**WHAT TO DO:** In the entries that follow, the first line to write out is the one containing "section \<open>Necessity\<close>", and the last is the one containing "(snd (z0 + a". Reproduce that stretch exactly, with nothing before or after it.

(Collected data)

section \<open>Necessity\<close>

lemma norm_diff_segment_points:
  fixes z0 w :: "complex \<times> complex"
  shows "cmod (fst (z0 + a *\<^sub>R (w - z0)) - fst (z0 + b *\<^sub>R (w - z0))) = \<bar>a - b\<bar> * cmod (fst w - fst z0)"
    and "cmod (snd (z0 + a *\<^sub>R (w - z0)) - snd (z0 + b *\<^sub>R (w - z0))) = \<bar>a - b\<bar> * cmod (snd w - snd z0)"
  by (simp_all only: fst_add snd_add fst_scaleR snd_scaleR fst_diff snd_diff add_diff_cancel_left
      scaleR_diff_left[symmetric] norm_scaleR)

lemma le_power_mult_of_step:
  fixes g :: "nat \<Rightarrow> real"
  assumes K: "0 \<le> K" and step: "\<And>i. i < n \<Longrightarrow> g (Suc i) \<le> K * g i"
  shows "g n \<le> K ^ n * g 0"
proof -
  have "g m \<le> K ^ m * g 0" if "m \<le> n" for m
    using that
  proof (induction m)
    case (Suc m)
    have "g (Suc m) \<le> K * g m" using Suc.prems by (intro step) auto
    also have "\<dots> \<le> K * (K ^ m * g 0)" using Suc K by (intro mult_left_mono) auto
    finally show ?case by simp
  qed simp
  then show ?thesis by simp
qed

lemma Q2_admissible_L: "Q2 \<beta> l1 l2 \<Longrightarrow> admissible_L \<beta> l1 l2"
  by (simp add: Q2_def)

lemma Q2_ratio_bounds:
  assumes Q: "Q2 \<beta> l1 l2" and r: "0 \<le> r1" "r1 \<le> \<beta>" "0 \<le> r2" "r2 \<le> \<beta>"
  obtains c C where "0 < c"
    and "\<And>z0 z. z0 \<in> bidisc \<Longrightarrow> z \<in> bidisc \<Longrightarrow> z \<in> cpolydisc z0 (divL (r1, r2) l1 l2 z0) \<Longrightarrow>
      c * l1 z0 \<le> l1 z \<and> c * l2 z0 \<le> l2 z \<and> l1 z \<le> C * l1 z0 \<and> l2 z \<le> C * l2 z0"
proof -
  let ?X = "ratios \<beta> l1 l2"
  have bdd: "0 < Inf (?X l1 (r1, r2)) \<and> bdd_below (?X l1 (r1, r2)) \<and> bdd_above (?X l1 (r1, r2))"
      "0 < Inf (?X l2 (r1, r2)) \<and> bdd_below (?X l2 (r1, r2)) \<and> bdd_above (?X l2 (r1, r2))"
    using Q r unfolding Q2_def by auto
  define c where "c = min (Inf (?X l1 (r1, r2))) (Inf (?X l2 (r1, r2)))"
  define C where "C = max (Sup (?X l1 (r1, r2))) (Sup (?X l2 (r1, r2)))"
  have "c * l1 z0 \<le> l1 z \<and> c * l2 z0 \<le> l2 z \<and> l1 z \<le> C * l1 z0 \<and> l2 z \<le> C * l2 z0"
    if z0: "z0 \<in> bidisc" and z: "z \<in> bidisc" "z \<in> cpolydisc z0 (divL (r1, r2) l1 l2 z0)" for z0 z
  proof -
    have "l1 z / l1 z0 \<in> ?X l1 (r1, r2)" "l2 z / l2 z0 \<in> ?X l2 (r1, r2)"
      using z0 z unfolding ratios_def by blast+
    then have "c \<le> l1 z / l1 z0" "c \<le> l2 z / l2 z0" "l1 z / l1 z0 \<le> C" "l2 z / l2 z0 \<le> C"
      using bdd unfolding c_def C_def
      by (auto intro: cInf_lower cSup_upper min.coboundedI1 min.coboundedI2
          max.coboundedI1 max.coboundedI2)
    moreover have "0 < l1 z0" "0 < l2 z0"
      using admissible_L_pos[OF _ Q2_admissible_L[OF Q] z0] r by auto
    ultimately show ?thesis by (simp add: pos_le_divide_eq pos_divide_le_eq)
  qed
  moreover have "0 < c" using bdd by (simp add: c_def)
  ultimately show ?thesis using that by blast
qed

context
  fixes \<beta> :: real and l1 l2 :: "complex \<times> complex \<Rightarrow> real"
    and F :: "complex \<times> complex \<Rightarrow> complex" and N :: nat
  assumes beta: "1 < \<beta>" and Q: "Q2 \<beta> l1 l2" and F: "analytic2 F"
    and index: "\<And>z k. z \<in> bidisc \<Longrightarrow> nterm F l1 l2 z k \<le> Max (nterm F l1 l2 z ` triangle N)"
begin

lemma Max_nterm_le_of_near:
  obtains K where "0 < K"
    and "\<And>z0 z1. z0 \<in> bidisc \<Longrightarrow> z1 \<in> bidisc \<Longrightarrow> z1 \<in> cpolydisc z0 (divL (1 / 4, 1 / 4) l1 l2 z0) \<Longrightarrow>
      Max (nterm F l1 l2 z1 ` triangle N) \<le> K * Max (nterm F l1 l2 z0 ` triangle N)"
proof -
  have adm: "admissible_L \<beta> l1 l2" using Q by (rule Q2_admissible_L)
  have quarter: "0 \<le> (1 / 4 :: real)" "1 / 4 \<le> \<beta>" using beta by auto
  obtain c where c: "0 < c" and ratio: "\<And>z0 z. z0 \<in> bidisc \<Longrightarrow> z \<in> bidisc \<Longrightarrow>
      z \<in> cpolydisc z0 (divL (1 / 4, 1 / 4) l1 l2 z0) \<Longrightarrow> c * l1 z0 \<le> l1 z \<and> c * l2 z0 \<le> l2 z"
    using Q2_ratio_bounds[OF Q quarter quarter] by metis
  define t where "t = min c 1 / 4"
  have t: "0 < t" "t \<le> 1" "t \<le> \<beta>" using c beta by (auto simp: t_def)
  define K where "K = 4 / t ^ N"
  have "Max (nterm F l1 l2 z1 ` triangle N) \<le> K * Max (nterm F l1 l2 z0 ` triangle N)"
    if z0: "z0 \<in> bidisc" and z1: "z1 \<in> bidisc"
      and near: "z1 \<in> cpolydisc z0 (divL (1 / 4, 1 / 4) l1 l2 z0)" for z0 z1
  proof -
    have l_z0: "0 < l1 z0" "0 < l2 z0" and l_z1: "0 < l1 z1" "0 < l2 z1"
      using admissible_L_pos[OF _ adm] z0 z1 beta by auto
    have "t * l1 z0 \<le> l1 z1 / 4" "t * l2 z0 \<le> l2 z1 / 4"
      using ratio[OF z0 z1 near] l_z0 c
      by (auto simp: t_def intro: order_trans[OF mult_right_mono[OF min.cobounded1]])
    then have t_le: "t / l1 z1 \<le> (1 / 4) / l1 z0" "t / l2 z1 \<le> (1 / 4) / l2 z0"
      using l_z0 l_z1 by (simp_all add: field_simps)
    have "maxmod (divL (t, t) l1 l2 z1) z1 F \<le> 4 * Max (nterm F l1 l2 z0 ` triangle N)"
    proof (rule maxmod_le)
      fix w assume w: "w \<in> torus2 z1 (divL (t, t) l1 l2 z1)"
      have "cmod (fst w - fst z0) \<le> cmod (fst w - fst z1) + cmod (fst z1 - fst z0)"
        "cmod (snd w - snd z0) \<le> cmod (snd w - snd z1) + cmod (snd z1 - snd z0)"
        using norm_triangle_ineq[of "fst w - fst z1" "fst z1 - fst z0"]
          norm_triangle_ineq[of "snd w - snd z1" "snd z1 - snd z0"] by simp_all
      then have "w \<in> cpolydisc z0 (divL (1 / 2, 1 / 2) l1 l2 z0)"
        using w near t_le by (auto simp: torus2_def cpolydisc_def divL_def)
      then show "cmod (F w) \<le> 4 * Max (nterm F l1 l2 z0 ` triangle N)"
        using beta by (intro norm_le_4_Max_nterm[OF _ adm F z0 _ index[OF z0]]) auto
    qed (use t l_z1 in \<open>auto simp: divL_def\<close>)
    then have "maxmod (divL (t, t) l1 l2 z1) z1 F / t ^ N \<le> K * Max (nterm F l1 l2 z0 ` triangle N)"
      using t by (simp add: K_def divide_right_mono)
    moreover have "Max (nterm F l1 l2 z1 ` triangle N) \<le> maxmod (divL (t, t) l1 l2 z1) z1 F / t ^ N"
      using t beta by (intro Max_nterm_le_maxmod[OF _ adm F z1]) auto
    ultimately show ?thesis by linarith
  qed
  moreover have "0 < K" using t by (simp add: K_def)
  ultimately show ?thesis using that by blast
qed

==

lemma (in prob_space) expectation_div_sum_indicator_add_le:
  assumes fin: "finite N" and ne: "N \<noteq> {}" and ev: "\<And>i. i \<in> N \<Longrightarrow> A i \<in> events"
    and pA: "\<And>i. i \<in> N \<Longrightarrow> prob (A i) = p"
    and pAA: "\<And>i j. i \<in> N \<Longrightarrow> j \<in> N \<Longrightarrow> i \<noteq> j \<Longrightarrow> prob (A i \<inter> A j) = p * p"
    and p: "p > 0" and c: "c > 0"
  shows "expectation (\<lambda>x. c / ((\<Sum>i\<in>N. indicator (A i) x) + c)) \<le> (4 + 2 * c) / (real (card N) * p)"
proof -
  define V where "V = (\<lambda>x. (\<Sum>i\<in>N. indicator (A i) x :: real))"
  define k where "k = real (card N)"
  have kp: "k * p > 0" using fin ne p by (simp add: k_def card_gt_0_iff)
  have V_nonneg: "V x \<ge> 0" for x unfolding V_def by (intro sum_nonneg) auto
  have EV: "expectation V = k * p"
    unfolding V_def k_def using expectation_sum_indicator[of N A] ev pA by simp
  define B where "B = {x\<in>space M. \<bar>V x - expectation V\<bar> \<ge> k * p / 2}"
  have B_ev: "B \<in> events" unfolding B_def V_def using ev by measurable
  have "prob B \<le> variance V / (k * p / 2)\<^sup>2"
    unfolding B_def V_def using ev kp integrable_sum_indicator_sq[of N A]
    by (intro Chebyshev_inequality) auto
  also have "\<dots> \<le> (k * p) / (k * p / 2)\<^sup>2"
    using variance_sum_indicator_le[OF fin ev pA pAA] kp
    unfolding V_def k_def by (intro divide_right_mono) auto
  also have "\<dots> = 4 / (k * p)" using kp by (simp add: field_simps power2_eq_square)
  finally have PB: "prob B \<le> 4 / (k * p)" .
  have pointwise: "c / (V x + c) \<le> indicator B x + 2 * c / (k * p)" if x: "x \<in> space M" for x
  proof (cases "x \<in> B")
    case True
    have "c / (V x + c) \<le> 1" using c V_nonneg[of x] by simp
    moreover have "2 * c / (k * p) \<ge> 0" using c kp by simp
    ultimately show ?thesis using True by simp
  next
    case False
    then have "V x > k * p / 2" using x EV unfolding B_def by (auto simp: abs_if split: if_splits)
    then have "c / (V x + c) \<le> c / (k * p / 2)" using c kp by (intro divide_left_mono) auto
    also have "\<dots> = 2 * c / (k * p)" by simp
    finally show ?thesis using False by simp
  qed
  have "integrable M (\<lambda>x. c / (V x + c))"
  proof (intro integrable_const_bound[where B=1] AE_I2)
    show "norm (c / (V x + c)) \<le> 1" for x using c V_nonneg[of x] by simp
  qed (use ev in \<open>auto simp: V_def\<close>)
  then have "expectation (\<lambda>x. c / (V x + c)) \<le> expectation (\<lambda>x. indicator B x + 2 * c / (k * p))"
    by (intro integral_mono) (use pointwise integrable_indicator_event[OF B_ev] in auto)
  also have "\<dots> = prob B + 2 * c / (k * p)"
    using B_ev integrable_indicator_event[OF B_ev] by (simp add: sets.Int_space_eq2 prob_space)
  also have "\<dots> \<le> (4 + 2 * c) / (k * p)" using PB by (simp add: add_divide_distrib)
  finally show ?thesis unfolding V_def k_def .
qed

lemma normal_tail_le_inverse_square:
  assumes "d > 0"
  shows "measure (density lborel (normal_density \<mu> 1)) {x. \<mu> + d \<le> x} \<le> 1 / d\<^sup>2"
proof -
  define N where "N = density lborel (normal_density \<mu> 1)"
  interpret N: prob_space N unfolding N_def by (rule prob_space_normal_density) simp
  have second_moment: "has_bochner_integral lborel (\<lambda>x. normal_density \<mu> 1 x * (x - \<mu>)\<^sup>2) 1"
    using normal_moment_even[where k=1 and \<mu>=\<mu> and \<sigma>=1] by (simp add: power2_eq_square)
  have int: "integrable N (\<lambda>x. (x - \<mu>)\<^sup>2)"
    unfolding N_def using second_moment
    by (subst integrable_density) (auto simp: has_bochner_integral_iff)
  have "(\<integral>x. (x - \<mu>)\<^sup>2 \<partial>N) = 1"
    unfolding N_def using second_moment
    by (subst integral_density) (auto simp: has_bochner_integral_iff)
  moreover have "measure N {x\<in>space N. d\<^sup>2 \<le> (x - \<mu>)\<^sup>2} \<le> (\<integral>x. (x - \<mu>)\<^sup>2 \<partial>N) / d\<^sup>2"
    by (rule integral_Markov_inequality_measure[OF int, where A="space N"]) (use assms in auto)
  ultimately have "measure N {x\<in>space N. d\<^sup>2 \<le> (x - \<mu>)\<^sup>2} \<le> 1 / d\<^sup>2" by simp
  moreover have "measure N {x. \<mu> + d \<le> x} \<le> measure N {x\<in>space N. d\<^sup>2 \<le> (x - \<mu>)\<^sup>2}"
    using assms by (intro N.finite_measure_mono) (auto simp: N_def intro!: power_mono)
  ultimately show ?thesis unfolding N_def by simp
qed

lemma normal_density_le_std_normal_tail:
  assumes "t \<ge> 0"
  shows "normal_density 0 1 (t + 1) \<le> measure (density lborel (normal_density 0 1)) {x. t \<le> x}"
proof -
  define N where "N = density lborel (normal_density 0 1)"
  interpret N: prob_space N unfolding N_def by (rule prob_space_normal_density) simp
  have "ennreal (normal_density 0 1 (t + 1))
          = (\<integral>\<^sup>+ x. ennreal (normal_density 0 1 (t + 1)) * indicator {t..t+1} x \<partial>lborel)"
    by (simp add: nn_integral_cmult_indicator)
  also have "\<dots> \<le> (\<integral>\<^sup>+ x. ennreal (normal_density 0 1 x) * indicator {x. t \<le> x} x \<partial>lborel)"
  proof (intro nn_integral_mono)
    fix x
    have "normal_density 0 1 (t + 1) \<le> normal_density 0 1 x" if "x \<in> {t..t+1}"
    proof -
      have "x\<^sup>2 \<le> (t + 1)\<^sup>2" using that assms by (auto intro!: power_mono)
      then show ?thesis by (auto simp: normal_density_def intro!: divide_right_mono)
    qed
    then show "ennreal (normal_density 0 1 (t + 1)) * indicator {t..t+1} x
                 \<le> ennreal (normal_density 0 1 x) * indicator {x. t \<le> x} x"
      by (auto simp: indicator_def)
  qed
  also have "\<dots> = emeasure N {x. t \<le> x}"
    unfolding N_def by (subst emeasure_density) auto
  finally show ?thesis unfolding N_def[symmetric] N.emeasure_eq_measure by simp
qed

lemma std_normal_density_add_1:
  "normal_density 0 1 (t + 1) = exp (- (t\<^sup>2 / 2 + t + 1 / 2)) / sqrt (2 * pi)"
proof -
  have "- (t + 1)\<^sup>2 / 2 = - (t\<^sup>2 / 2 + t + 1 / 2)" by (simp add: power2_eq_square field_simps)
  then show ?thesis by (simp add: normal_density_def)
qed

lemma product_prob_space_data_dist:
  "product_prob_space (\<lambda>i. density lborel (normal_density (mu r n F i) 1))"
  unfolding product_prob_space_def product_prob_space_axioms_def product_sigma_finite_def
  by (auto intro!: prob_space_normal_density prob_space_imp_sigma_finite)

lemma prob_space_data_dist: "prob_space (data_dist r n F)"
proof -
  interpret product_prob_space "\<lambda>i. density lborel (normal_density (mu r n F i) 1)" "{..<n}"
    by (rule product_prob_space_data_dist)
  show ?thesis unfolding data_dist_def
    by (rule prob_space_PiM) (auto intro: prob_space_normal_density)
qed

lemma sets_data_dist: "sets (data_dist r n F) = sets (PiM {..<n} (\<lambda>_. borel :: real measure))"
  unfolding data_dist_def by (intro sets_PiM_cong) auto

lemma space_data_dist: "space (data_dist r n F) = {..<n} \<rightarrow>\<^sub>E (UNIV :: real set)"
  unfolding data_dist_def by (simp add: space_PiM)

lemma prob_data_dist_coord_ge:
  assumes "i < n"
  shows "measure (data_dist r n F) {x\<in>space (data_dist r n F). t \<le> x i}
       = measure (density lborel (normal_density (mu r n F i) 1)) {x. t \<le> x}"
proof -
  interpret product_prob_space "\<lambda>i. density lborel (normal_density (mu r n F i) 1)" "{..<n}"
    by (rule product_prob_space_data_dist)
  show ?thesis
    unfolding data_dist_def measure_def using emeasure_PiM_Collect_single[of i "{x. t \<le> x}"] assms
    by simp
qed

**RESULT FOR THIS EXERCISE:**
section \<open>Necessity\<close>

lemma norm_diff_segment_points:
  fixes z0 w :: "complex \<times> complex"
  shows "cmod (fst (z0 + a *\<^sub>R (w - z0)) - fst (z0 + b *\<^sub>R (w - z0))) = \<bar>a - b\<bar> * cmod (fst w - fst z0)"
    and "cmod (snd (z0 + a *\<^sub>R (w - z0)) - snd (z0 + b *\<^sub>R (w - z0))) = \<bar>a - b\<bar> * cmod (snd w - snd z0)"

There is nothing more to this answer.